TRY IT => When the line with "(w, u) \<notin>" appears below, start repeating lines exactly, and keep going through the line with "using dom(1,3) vS by blast"; add nothing outside that span.

---

(* Every oriented graph without transmitters has at least three weak kings.
   Context: An oriented graph is a digraph with no loops and no pair of symmetric arcs. A transmitter is a vertex of indegree $0$. For vertices $u,v$ write $u(1\text{-}0)v$ if there is an arc from $u$ to $v$, and $u(0\text{-}0)v$ if there is no arc between $u$ and $v$. A vertex $v$ is weakly reachable within two steps from $u$ if $u(1\text{-}0)v$, or $u(0\text{-}0)v$, or for some vertex $w$ one has $u(1\text{-}0)w(1\text{-}0)v$, or $u(1\text{-}0)w(0\text{-}0)v$, or $u(0\text{-}0)w(1\text{-}0)v$. A vertex $u$ of an oriented graph $D$ is a weak king if every other vertex of $D$ is weakly reachable within two steps from $u$. *)

theory Defs
  imports Main
begin

definition oriented_graph :: "'a set \<Rightarrow> ('a \<times> 'a) set \<Rightarrow> bool" where
  "oriented_graph V A \<longleftrightarrow> finite V \<and> V \<noteq> {} \<and> A \<subseteq> V \<times> V
     \<and> (\<forall>v. (v, v) \<notin> A) \<and> (\<forall>u v. (u, v) \<in> A \<longrightarrow> (v, u) \<notin> A)"

definition indegree :: "'a set \<Rightarrow> ('a \<times> 'a) set \<Rightarrow> 'a \<Rightarrow> nat" where
  "indegree V A v = card {u \<in> V. (u, v) \<in> A}"

definition transmitter :: "'a set \<Rightarrow> ('a \<times> 'a) set \<Rightarrow> 'a \<Rightarrow> bool" where
  "transmitter V A v \<longleftrightarrow> v \<in> V \<and> indegree V A v = 0"

definition arc10 :: "('a \<times> 'a) set \<Rightarrow> 'a \<Rightarrow> 'a \<Rightarrow> bool" where
  "arc10 A u v \<longleftrightarrow> (u, v) \<in> A"

definition arc00 :: "('a \<times> 'a) set \<Rightarrow> 'a \<Rightarrow> 'a \<Rightarrow> bool" where
  "arc00 A u v \<longleftrightarrow> (u, v) \<notin> A \<and> (v, u) \<notin> A"

definition weakly_reachable2 :: "'a set \<Rightarrow> ('a \<times> 'a) set \<Rightarrow> 'a \<Rightarrow> 'a \<Rightarrow> bool" where
  "weakly_reachable2 V A u v \<longleftrightarrow>
     arc10 A u v \<or> arc00 A u v \<or>
     (\<exists>w\<in>V. (arc10 A u w \<and> arc10 A w v) \<or> (arc10 A u w \<and> arc00 A w v)
            \<or> (arc00 A u w \<and> arc10 A w v))"

definition weak_king :: "'a set \<Rightarrow> ('a \<times> 'a) set \<Rightarrow> 'a \<Rightarrow> bool" where
  "weak_king V A u \<longleftrightarrow> u \<in> V \<and> (\<forall>v\<in>V. v \<noteq> u \<longrightarrow> weakly_reachable2 V A u v)"

end

theory Submission
  imports Defs
begin

text \<open>If \<open>x\<close> does not weakly reach \<open>v\<close> within two steps, then \<open>v \<rightarrow> x\<close>, \<open>v\<close> dominates every
  out-neighbour of \<open>x\<close>, and every in-neighbour of \<open>v\<close> is an in-neighbour of \<open>x\<close>; so \<open>v\<close> has
  strictly smaller in-degree than \<open>x\<close>, even when in-degrees are counted inside the set of
  in-neighbours of an out-neighbour \<open>u\<close> of \<open>x\<close>. Hence a vertex of minimum in-degree among the
  in-neighbours of any \<open>u\<close> is a weak king with an arc to \<open>u\<close>, and no transmitters means this
  set is never empty. Iterating from a weak king \<open>x\<^sub>1\<close> gives weak kings
  \<open>x\<^sub>3 \<rightarrow> x\<^sub>2 \<rightarrow> x\<^sub>1\<close>, which are distinct because there are no loops or symmetric arcs.\<close>

lemma not_weakly_reachable2_dominates:
  assumes og: "oriented_graph V A" and nr: "\<not> weakly_reachable2 V A x v"
  shows "(v, x) \<in> A" and "A `` {x} \<subseteq> A `` {v}" and "A\<inverse> `` {v} \<subseteq> A\<inverse> `` {x}"
proof -
  have AV: "A \<subseteq> V \<times> V" and asym: "\<And>u w. (u, w) \<in> A \<Longrightarrow> (w, u) \<notin> A"
    using og unfolding oriented_graph_def by auto
  have xv: "(x, v) \<notin> A"
    using nr unfolding weakly_reachable2_def arc10_def by auto
  show "(v, x) \<in> A"
    using nr unfolding weakly_reachable2_def arc10_def arc00_def by auto
  show out: "A `` {x} \<subseteq> A `` {v}"
  proof
    fix y assume "y \<in> A `` {x}"
    then have xy: "(x, y) \<in> A" and "y \<in> V" using AV by auto
    moreover have "y \<noteq> v" using xy xv by auto
    ultimately show "y \<in> A `` {v}"
      using nr unfolding weakly_reachable2_def arc10_def arc00_def by blast
  qed
  show "A\<inverse> `` {v} \<subseteq> A\<inverse> `` {x}"
  proof
    fix w assume "w \<in> A\<inverse> `` {v}"
    then have wv: "(w, v) \<in> A" and "w \<in> V" using AV by auto
    then have "\<not> arc00 A x w"
      using nr unfolding weakly_reachable2_def arc10_def by blast
    moreover have "(x, w) \<notin> A" using out wv asym by blast
    ultimately show "w \<in> A\<inverse> `` {x}" unfolding arc00_def by auto
  qed
qed

lemma weak_king_if_min_indegree:
  assumes og: "oriented_graph V A" and SV: "S \<subseteq> V" and xS: "x \<in> S"
    and min: "\<And>y. y \<in> S \<Longrightarrow> indegree S A x \<le> indegree S A y"
    and closed: "\<And>v. (v, x) \<in> A \<Longrightarrow> A `` {x} \<subseteq> A `` {v} \<Longrightarrow> v \<in> S"
  shows "weak_king V A x"
  unfolding weak_king_def
proof (intro conjI ballI impI)
  show "x \<in> V" using SV xS by auto
  fix v assume "v \<in> V" "v \<noteq> x"
  show "weakly_reachable2 V A x v"
  proof (rule ccontr)
    assume nr: "\<not> weakly_reachable2 V A x v"
    note dom = not_weakly_reachable2_dominates[OF og nr]
    have vS: "v \<in> S" using closed dom(1,2) .
    have "(v, v) \<notin> A" using og unfolding oriented_graph_def by auto
    then have "{w \<in> S. (w, v) \<in> A} \<subset> {w \<in> S. (w, x) \<in> A}"
      using dom(1,3) vS by blast
    moreover have "finite S" using og SV finite_subset unfolding oriented_graph_def by auto
    ultimately have "indegree S A v < indegree S A x"
      unfolding indegree_def by (simp add: psubset_card_mono)
    then show False using min[OF vS] by simp
  qed
qed

lemma exists_weak_king_arc_to:
  assumes og: "oriented_graph V A" and no_trans: "\<forall>v\<in>V. \<not> transmitter V A v" and uV: "u \<in> V"
  shows "\<exists>x. (x, u) \<in> A \<and> weak_king V A x"
proof -
  define S where "S = {w \<in> V. (w, u) \<in> A}"
  have "finite V" using og unfolding oriented_graph_def by auto
  moreover have "indegree V A u \<noteq> 0" using no_trans uV unfolding transmitter_def by auto
  ultimately obtain w where "w \<in> S" unfolding indegree_def S_def by (auto simp: card_eq_0_iff)
  then obtain x where xS: "x \<in> S" and min: "\<And>y. y \<in> S \<Longrightarrow> indegree S A x \<le> indegree S A y"
    using ex_has_least_nat[of "\<lambda>y. y \<in> S" w "indegree S A"] by blast
  have "weak_king V A x"
  proof (rule weak_king_if_min_indegree[OF og _ xS min])
    show "S \<subseteq> V" by (auto simp: S_def)
    fix v assume "(v, x) \<in> A" "A `` {x} \<subseteq> A `` {v}"
    then show "v \<in> S"
      using xS og unfolding S_def oriented_graph_def by blast
  qed
  then show ?thesis using xS S_def by auto
qed

theorem theorem6:
  fixes V :: "'a set" and A :: "('a \<times> 'a) set"
  assumes "oriented_graph V A"
    and "\<forall>v\<in>V. \<not> transmitter V A v"
  shows "card {u \<in> V. weak_king V A u} \<ge> 3"
proof -
  have fin: "finite V" and ne: "V \<noteq> {}" and loopfree: "\<And>v. (v, v) \<notin> A"
    and asym: "\<And>u v. (u, v) \<in> A \<Longrightarrow> (v, u) \<notin> A"
    using assms(1) unfolding oriented_graph_def by auto
  obtain x\<^sub>1 where x\<^sub>1: "weak_king V A x\<^sub>1"
    using exists_weak_king_arc_to[OF assms] ne by blast
  then obtain x\<^sub>2 where x\<^sub>2: "(x\<^sub>2, x\<^sub>1) \<in> A" "weak_king V A x\<^sub>2"
    using exists_weak_king_arc_to[OF assms] unfolding weak_king_def by blast
  then obtain x\<^sub>3 where x\<^sub>3: "(x\<^sub>3, x\<^sub>2) \<in> A" "weak_king V A x\<^sub>3"
    using exists_weak_king_arc_to[OF assms] unfolding weak_king_def by blast
  have "3 = card {x\<^sub>1, x\<^sub>2, x\<^sub>3}"
    using x\<^sub>2(1) x\<^sub>3(1) loopfree asym by (metis card_3_iff)
  also have "\<dots> \<le> card {u \<in> V. weak_king V A u}"
    using x\<^sub>1 x\<^sub>2 x\<^sub>3 fin by (intro card_mono) (auto simp: weak_king_def)
  finally show ?thesis .
qed

end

---

RESULT FOR THIS EXERCISE =>
  have AV: "A \<subseteq> V \<times> V" and asym: "\<And>u w. (u, w) \<in> A \<Longrightarrow> (w, u) \<notin> A"
    using og unfolding oriented_graph_def by auto
  have xv: "(x, v) \<notin> A"
    using nr unfolding weakly_reachable2_def arc10_def by auto
  show "(v, x) \<in> A"
    using nr unfolding weakly_reachable2_def arc10_def arc00_def by auto
  show out: "A `` {x} \<subseteq> A `` {v}"
  proof
    fix y assume "y \<in> A `` {x}"
    then have xy: "(x, y) \<in> A" and "y \<in> V" using AV by auto
    moreover have "y \<noteq> v" using xy xv by auto
    ultimately show "y \<in> A `` {v}"
      using nr unfolding weakly_reachable2_def arc10_def arc00_def by blast
  qed
  show "A\<inverse> `` {v} \<subseteq> A\<inverse> `` {x}"
  proof
    fix w assume "w \<in> A\<inverse> `` {v}"
    then have wv: "(w, v) \<in> A" and "w \<in> V" using AV by auto
    then have "\<not> arc00 A x w"
      using nr unfolding weakly_reachable2_def arc10_def by blast
    moreover have "(x, w) \<notin> A" using out wv asym by blast
    ultimately show "w \<in> A\<inverse> `` {x}" unfolding arc00_def by auto
  qed
qed

lemma weak_king_if_min_indegree:
  assumes og: "oriented_graph V A" and SV: "S \<subseteq> V" and xS: "x \<in> S"
    and min: "\<And>y. y \<in> S \<Longrightarrow> indegree S A x \<le> indegree S A y"
    and closed: "\<And>v. (v, x) \<in> A \<Longrightarrow> A `` {x} \<subseteq> A `` {v} \<Longrightarrow> v \<in> S"
  shows "weak_king V A x"
  unfolding weak_king_def
proof (intro conjI ballI impI)
  show "x \<in> V" using SV xS by auto
  fix v assume "v \<in> V" "v \<noteq> x"
  show "weakly_reachable2 V A x v"
  proof (rule ccontr)
    assume nr: "\<not> weakly_reachable2 V A x v"
    note dom = not_weakly_reachable2_dominates[OF og nr]
    have vS: "v \<in> S" using closed dom(1,2) .
    have "(v, v) \<notin> A" using og unfolding oriented_graph_def by auto
    then have "{w \<in> S. (w, v) \<in> A} \<subset> {w \<in> S. (w, x) \<in> A}"
      using dom(1,3) vS by blast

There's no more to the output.